Count how many lines in the data hold the word "auto", and give that number alone.

DATASET RECORDS

----

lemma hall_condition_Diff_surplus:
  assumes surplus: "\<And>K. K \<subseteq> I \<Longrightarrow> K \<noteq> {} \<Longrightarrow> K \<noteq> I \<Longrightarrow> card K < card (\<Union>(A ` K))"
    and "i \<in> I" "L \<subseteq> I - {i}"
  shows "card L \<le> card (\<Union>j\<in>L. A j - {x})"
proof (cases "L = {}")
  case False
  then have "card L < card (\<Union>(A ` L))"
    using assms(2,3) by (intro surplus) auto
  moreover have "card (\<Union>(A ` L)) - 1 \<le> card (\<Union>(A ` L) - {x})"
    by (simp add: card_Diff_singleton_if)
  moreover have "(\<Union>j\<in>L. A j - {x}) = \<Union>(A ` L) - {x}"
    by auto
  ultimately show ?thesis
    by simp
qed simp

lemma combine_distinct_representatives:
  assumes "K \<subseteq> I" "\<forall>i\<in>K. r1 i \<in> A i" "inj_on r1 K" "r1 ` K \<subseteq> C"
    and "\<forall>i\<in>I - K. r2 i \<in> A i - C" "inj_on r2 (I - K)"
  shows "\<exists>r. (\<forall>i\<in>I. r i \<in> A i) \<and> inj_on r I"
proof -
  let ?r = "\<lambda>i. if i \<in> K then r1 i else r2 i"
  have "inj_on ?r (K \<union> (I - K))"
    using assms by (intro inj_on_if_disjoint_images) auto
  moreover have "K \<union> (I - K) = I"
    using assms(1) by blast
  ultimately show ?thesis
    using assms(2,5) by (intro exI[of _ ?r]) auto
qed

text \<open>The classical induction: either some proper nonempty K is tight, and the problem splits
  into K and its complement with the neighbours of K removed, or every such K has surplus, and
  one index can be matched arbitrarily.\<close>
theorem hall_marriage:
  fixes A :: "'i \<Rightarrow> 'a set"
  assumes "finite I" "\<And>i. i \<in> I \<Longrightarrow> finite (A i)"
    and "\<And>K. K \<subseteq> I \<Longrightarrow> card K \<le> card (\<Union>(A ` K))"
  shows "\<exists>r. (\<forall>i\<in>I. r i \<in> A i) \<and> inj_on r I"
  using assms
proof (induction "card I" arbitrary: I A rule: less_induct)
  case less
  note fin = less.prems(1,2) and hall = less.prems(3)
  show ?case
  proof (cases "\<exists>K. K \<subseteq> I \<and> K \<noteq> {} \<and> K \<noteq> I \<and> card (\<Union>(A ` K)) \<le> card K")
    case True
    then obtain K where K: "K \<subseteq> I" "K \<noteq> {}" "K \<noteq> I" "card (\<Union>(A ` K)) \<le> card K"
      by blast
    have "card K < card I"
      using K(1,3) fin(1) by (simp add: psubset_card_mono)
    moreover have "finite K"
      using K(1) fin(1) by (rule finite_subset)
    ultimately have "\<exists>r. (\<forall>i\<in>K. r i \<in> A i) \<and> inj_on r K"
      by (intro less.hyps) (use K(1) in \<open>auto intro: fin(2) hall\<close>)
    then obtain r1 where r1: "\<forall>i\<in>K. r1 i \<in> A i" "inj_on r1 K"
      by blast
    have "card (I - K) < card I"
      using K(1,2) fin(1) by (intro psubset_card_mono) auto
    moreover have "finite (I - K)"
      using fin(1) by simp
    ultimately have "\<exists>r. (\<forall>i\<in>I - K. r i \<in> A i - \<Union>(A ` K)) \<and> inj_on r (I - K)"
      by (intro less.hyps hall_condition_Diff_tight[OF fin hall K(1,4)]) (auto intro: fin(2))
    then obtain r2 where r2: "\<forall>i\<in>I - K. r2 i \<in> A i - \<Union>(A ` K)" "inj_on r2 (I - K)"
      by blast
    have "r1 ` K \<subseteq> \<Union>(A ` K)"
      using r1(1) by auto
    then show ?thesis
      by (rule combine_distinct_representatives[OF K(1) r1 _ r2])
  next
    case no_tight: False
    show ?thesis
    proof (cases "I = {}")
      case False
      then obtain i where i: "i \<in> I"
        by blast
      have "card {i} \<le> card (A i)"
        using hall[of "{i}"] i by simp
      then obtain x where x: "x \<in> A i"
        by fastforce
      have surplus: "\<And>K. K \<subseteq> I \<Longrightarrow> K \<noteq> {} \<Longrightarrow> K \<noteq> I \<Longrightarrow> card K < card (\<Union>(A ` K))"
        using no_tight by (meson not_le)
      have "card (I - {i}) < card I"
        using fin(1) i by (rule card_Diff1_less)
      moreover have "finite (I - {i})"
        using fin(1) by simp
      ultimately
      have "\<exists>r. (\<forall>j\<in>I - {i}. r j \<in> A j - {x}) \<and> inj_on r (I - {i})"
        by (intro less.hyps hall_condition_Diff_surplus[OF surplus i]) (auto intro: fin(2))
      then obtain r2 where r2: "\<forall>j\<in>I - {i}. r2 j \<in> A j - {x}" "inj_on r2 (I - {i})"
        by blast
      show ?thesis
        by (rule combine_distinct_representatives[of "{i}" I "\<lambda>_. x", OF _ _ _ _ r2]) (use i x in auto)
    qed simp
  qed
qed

----

EXERCISE OUTPUT
10